A `10 mu F` capacitor in series with a `40 Omega` resistance is connected to a 110 V, 60Hz supply. (a) What is the maximum current in the circuit ? (b) What is the time lag between current maximum and voltage maximum ?

Answer 1

Here, `C = 10 mu F = 100 cc 10^(-6) F = 10^(-4) F, R = 40 Omega, E_(v) = 110` volt, `E_(0) = sqrt2 E_(v) = sqrt2 xx 110 V`
`v = 60 Hz.

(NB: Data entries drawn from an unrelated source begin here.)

(* Assume the setting of the context. Then there is $\epsilon_0>0$ such that for every $\epsilon\in(0,\epsilon_0)$, every $\sigma\in\Sigma$ and every $x\in[0,\infty)$: if $Q^\epsilon_\sigma\cdot x\geq 0$, then $Q^\epsilon_\sigma\cdot x\geq x$.
   Context: Let $(\Sigma,\mathbf{p})$ be a probability space. For each $\sigma\in\Sigma$ and $\epsilon\in[-1,1]$ let real numbers $a_\sigma,b_\sigma$ and $\alpha^\epsilon_\sigma,\beta^\epsilon_\sigma,\gamma^\epsilon_\sigma,\delta^\epsilon_\sigma$ be given, and write $A^\epsilon_\sigma=\begin{pmatrix}\alpha^\epsilon_\sigma&\beta^\epsilon_\sigma\\ \gamma^\epsilon_\sigma&\delta^\epsilon_\sigma\end{pmatrix}$. Assume that for all $\sigma$: $a_\sigma-|b_\sigma|\ge C_1$ and $\|A^\epsilon_\sigma\|\le C_3$ for $|\epsilon|\le1$, with constants $C_1,C_3\in(0,\infty)$. For $x\in\mathbb{R}\cup\{\infty\}$ define the Möbius action $$Q^\epsilon_\sigma\cdot x=\frac{(1+\epsilon^2\alpha^\epsilon_\sigma)x+(a_\sigma-b_\sigma-\epsilon\beta^\epsilon_\sigma)\epsilon}{1+\epsilon^2\delta^\epsilon_\sigma-(a_\sigma+b_\sigma+\epsilon\gamma^\epsilon_\sigma)\epsilon x},$$ i.e. the action of the matrix $\begin{pmatrix}1+\epsilon^2\alpha&(a-b-\epsilon\beta)\epsilon\\-(a+b+\epsilon\gamma)\epsilon&1+\epsilon^2\delta\end{pmatrix}$ on $\mathbb{R}\cup\{\infty\}$ (with the usual conventions at $\infty$). The energy parameter $\epsilon$ is taken positive. *)

theory Defs
  imports "HOL-Analysis.Analysis" "HOL-Probability.Probability"
begin

definition mat2 :: "real \<Rightarrow> real \<Rightarrow> real \<Rightarrow> real \<Rightarrow> real^2^2" where
  "mat2 m11 m12 m21 m22 = vector [vector [m11, m12], vector [m21, m22]]"

definition mat_norm :: "real^2^2 \<Rightarrow> real" where
  "mat_norm A = onorm (\<lambda>v. A *v v)"

text \<open>Moebius action of the matrix (m11 m12; m21 m22) on a real point x of the
  projective line R \<union> {\<infinity>}: the result is None (= \<infinity>) when the denominator vanishes.\<close>
definition moebius :: "real \<Rightarrow> real \<Rightarrow> real \<Rightarrow> real \<Rightarrow> real \<Rightarrow> real option" where
  "moebius m11 m12 m21 m22 x =
     (if m21 * x + m22 = 0 then None else Some ((m11 * x + m12) / (m21 * x + m22)))"

definition Q_act :: "real \<Rightarrow> real \<Rightarrow> real \<Rightarrow> real \<Rightarrow> real \<Rightarrow> real \<Rightarrow> real \<Rightarrow> real \<Rightarrow> real option" where
  "Q_act a b \<alpha> \<beta> \<gamma> \<delta> \<epsilon> x =
     moebius (1 + \<epsilon>^2 * \<alpha>) ((a - b - \<epsilon> * \<beta>) * \<epsilon>)
             (- (a + b + \<epsilon> * \<gamma>) * \<epsilon>) (1 + \<epsilon>^2 * \<delta>) x"

end

theory Submission
  imports Defs
begin

text \<open>Write the Moebius map as x \<mapsto> (A x + B) / (D - C x). For small \<epsilon> the coefficients
  B and C are at least m = \<epsilon> (C1 - \<epsilon> C3) > 0, while |A - D| \<le> 2 \<epsilon>^2 C3 \<le> 2 m. Hence
  C x^2 + (A - D) x + B \<ge> m (|x| - 1)^2 \<ge> 0, i.e. x (D - C x) \<le> A x + B. Since the
  numerator is positive for x \<ge> 0, a nonnegative image forces a positive denominator, and
  dividing by it gives Q x \<ge> x.\<close>

lemma abs_matrix_entry_le_onorm:
  fixes A :: "real^'n^'m"
  shows "\<bar>A $ i $ j\<bar> \<le> onorm (\<lambda>v. A *v v)"
proof -
  have "A $ i $ j = (A *v axis j 1) $ i"
    by (simp add: matrix_vector_mult_basis column_def)
  also have "\<bar>\<dots>\<bar> \<le> norm (A *v axis j 1)"
    by (rule component_le_norm_cart)
  also have "\<dots> \<le> onorm (\<lambda>v. A *v v) * norm (axis j (1::real) :: real^'n)"
    using onorm[of "\<lambda>v. A *v v" "axis j 1"] by simp
  also have "\<dots> = onorm (\<lambda>v. A *v v)"
    by (simp add: norm_axis_1)
  finally show ?thesis .
qed

lemma abs_mat2_entries_le_mat_norm:
  "\<bar>m11\<bar> \<le> mat_norm (mat2 m11 m12 m21 m22)" "\<bar>m12\<bar> \<le> mat_norm (mat2 m11 m12 m21 m22)"
  "\<bar>m21\<bar> \<le> mat_norm (mat2 m11 m12 m21 m22)" "\<bar>m22\<bar> \<le> mat_norm (mat2 m11 m12 m21 m22)"
  using abs_matrix_entry_le_onorm[of "mat2 m11 m12 m21 m22" 1 1]
    abs_matrix_entry_le_onorm[of "mat2 m11 m12 m21 m22" 1 2]
    abs_matrix_entry_le_onorm[of "mat2 m11 m12 m21 m22" 2 1]
    abs_matrix_entry_le_onorm[of "mat2 m11 m12 m21 m22" 2 2]
  by (simp_all add: mat2_def mat_norm_def)

lemma moebius_ge_self:
  assumes y: "moebius m11 m12 m21 m22 x = Some y" "0 \<le> y"
    and num_pos: "0 < m11 * x + m12"
    and quad: "x * (m21 * x + m22) \<le> m11 * x + m12"
  shows "x \<le> y"
proof -
  have den: "m21 * x + m22 \<noteq> 0" and y_eq: "y = (m11 * x + m12) / (m21 * x + m22)"
    using y(1) by (auto simp: moebius_def split: if_splits)
  have "0 < m21 * x + m22"
  proof (rule ccontr)
    assume "\<not> ?thesis"
    with den have "m21 * x + m22 < 0" by linarith
    with num_pos y_eq have "y < 0" by (simp add: divide_pos_neg)
    with y(2) show False by simp
  qed
  with quad show ?thesis
    by (simp add: y_eq le_divide_eq)
qed

lemma quadratic_nonneg_of_dominant_coeffs:
  fixes m B C E x :: real
  assumes "m \<le> B" "m \<le> C" "\<bar>E\<bar> \<le> 2 * m"
  shows "0 \<le> C * x\<^sup>2 + E * x + B"
proof -
  have "0 \<le> m"
    using assms(3) abs_ge_zero[of E] by linarith
  then have "0 \<le> m * (\<bar>x\<bar> - 1)\<^sup>2"
    by simp
  also have "\<dots> = m * x\<^sup>2 - 2 * m * \<bar>x\<bar> + m"
    by (simp add: power2_eq_square algebra_simps)
  also have "\<dots> \<le> C * x\<^sup>2 + E * x + B"
  proof -
    have "m * x\<^sup>2 \<le> C * x\<^sup>2" using assms(2) by (simp add: mult_right_mono)
    moreover have "- (2 * m * \<bar>x\<bar>) \<le> E * x"
      using mult_right_mono[OF assms(3) abs_ge_zero[of x]] abs_ge_minus_self[of "E * x"]
      by (simp add: abs_mult)
    ultimately show ?thesis using assms(1) by linarith
  qed
  finally show ?thesis .
qed

lemma Q_act_ge_self:
  fixes a b \<alpha> \<beta> \<gamma> \<delta> \<epsilon> x y C1 C3 :: real
  assumes ab: "C1 \<le> a - \<bar>b\<bar>"
    and bounds: "\<bar>\<alpha>\<bar> \<le> C3" "\<bar>\<beta>\<bar> \<le> C3" "\<bar>\<gamma>\<bar> \<le> C3" "\<bar>\<delta>\<bar> \<le> C3"
    and \<epsilon>: "0 < \<epsilon>" "2 * \<epsilon> * C3 < C1" "\<epsilon>\<^sup>2 * C3 \<le> 1"
    and x: "0 \<le> x"
    and y: "Q_act a b \<alpha> \<beta> \<gamma> \<delta> \<epsilon> x = Some y" "0 \<le> y"
  shows "x \<le> y"
proof -
  define A B C D where "A = 1 + \<epsilon>\<^sup>2 * \<alpha>" and "B = (a - b - \<epsilon> * \<beta>) * \<epsilon>"
    and "C = (a + b + \<epsilon> * \<gamma>) * \<epsilon>" and "D = 1 + \<epsilon>\<^sup>2 * \<delta>"
  define m where "m = \<epsilon> * (C1 - \<epsilon> * C3)"
  have \<epsilon>_abs: "\<bar>\<epsilon> * t\<bar> \<le> \<epsilon> * c" if "\<bar>t\<bar> \<le> c" for t c
    using that \<epsilon>(1) by (simp add: abs_mult)
  have "m \<le> B"
    using \<epsilon>_abs[OF bounds(2)] ab \<epsilon>(1) by (simp add: m_def B_def mult.commute mult_left_mono)
  moreover have "m \<le> C"
    using \<epsilon>_abs[OF bounds(3)] ab \<epsilon>(1) by (simp add: m_def C_def mult.commute mult_left_mono)
  moreover have "\<bar>A - D\<bar> \<le> 2 * m"
  proof -
    have "A - D = \<epsilon> * (\<epsilon> * (\<alpha> - \<delta>))"
      by (simp add: A_def D_def power2_eq_square algebra_simps)
    then have "\<bar>A - D\<bar> = \<epsilon> * \<bar>\<epsilon> * (\<alpha> - \<delta>)\<bar>"
      using \<epsilon>(1) by (simp add: abs_mult)
    also have "\<dots> \<le> \<epsilon> * (\<epsilon> * (2 * C3))"
      using \<epsilon>_abs[of "\<alpha> - \<delta>" "2 * C3"] bounds(1,4) \<epsilon>(1) by (simp add: mult_left_mono)
    also have "\<dots> \<le> 2 * m"
      using \<epsilon> by (simp add: m_def algebra_simps)
    finally show ?thesis .
  qed
  ultimately have quad: "0 \<le> C * x\<^sup>2 + (A - D) * x + B"
    by (rule quadratic_nonneg_of_dominant_coeffs)
  have "0 < m"
  proof -
    have "0 \<le> \<epsilon> * C3"
      using \<epsilon>(1) bounds(1) by simp
    with \<epsilon>(1,2) show ?thesis
      by (simp add: m_def)
  qed
  moreover have "0 \<le> A"
  proof -
    have "\<bar>\<epsilon>\<^sup>2 * \<alpha>\<bar> \<le> \<epsilon>\<^sup>2 * C3"
      using bounds(1) by (simp add: abs_mult mult_left_mono)
    with \<epsilon>(3) show ?thesis
      by (simp add: A_def abs_le_iff)
  qed
  ultimately have "0 < A * x + B"
    using \<open>m \<le> B\<close> mult_nonneg_nonneg[OF _ x, of A] by linarith
  moreover have "Q_act a b \<alpha> \<beta> \<gamma> \<delta> \<epsilon> x = moebius A B (- C) D x"
    by (simp add: Q_act_def A_def B_def C_def D_def algebra_simps)
  ultimately show ?thesis
    using moebius_ge_self[of A B "- C" D x y] y quad by (simp add: power2_eq_square algebra_simps)
qed

theorem lemma1:
  fixes p :: "'s measure"
    and a b :: "'s \<Rightarrow> real"
    and \<alpha> \<beta> \<gamma> \<delta> :: "real \<Rightarrow> 's \<Rightarrow> real"
    and C1 C3 :: real
  assumes "prob_space p"
    and "C1 > 0" and "C3 > 0"
    and "\<And>\<sigma>. \<sigma> \<in> space p \<Longrightarrow> a \<sigma> - \<bar>b \<sigma>\<bar> \<ge> C1"
    and "\<And>\<sigma> \<epsilon>. \<sigma> \<in> space p \<Longrightarrow> \<bar>\<epsilon>\<bar> \<le> 1 \<Longrightarrow>
           mat_norm (mat2 (\<alpha> \<epsilon> \<sigma>) (\<beta> \<epsilon> \<sigma>) (\<gamma> \<epsilon> \<sigma>) (\<delta> \<epsilon> \<sigma>)) \<le> C3"
  shows "\<exists>\<epsilon>0 > 0. \<forall>\<epsilon> \<in> {0<..<\<epsilon>0}. \<forall>\<sigma> \<in> space p. \<forall>x \<ge> 0. \<forall>y.
           Q_act (a \<sigma>) (b \<sigma>) (\<alpha> \<epsilon> \<sigma>) (\<beta> \<epsilon> \<sigma>) (\<gamma> \<epsilon> \<sigma>) (\<delta> \<epsilon> \<sigma>) \<epsilon> x = Some y
           \<longrightarrow> y \<ge> 0 \<longrightarrow> y \<ge> x"
proof (intro exI[of _ "min 1 (min (C1 / (2 * C3)) (1 / C3))"] conjI ballI allI impI)
  show "0 < min 1 (min (C1 / (2 * C3)) (1 / C3))"
    using assms(2,3) by simp
next
  fix \<epsilon> \<sigma> x y
  assume \<epsilon>: "\<epsilon> \<in> {0<..<min 1 (min (C1 / (2 * C3)) (1 / C3))}" and \<sigma>: "\<sigma> \<in> space p"
    and x: "0 \<le> x" and y: "Q_act (a \<sigma>) (b \<sigma>) (\<alpha> \<epsilon> \<sigma>) (\<beta> \<epsilon> \<sigma>) (\<gamma> \<epsilon> \<sigma>) (\<delta> \<epsilon> \<sigma>) \<epsilon> x = Some y" "0 \<le> y"
  have norm_le: "mat_norm (mat2 (\<alpha> \<epsilon> \<sigma>) (\<beta> \<epsilon> \<sigma>) (\<gamma> \<epsilon> \<sigma>) (\<delta> \<epsilon> \<sigma>)) \<le> C3"
    using assms(5)[OF \<sigma>] \<epsilon> by simp
  have "2 * \<epsilon> * C3 < C1" "\<epsilon> * C3 < 1"
    using \<epsilon> assms(3) by (simp_all add: field_simps)
  moreover have "\<epsilon>\<^sup>2 * C3 \<le> \<epsilon> * C3"
    using \<epsilon> assms(3) by (simp add: power2_eq_square)
  ultimately have "\<epsilon>\<^sup>2 * C3 \<le> 1"
    by linarith
  with \<epsilon> \<open>2 * \<epsilon> * C3 < C1\<close> show "x \<le> y"
    using Q_act_ge_self[OF assms(4)[OF \<sigma>] abs_mat2_entries_le_mat_norm[THEN order_trans, OF norm_le]
        _ _ _ x y] by simp
qed

end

Omega = 2 pi v = 120 pi rad//s, I_(0) = ?`
In RC circuit, as `Z = sqrt(R^(2) + X_(C )^(2)) = sqrt(R^(2) + (1)/(omega^(2) C^(2))`
`:. I_(0) = (E_(0))/(sqrt(R^(2) + (1)/(omega^(2) C^(2)))) = (sqrt2 xx 110)/(sqrt(1600 + (1)/((120 pi xx 10^(-4))^(2)))) = 3.24` amp
In RC circuit, voltage lags behind the current by phase angle `phi`.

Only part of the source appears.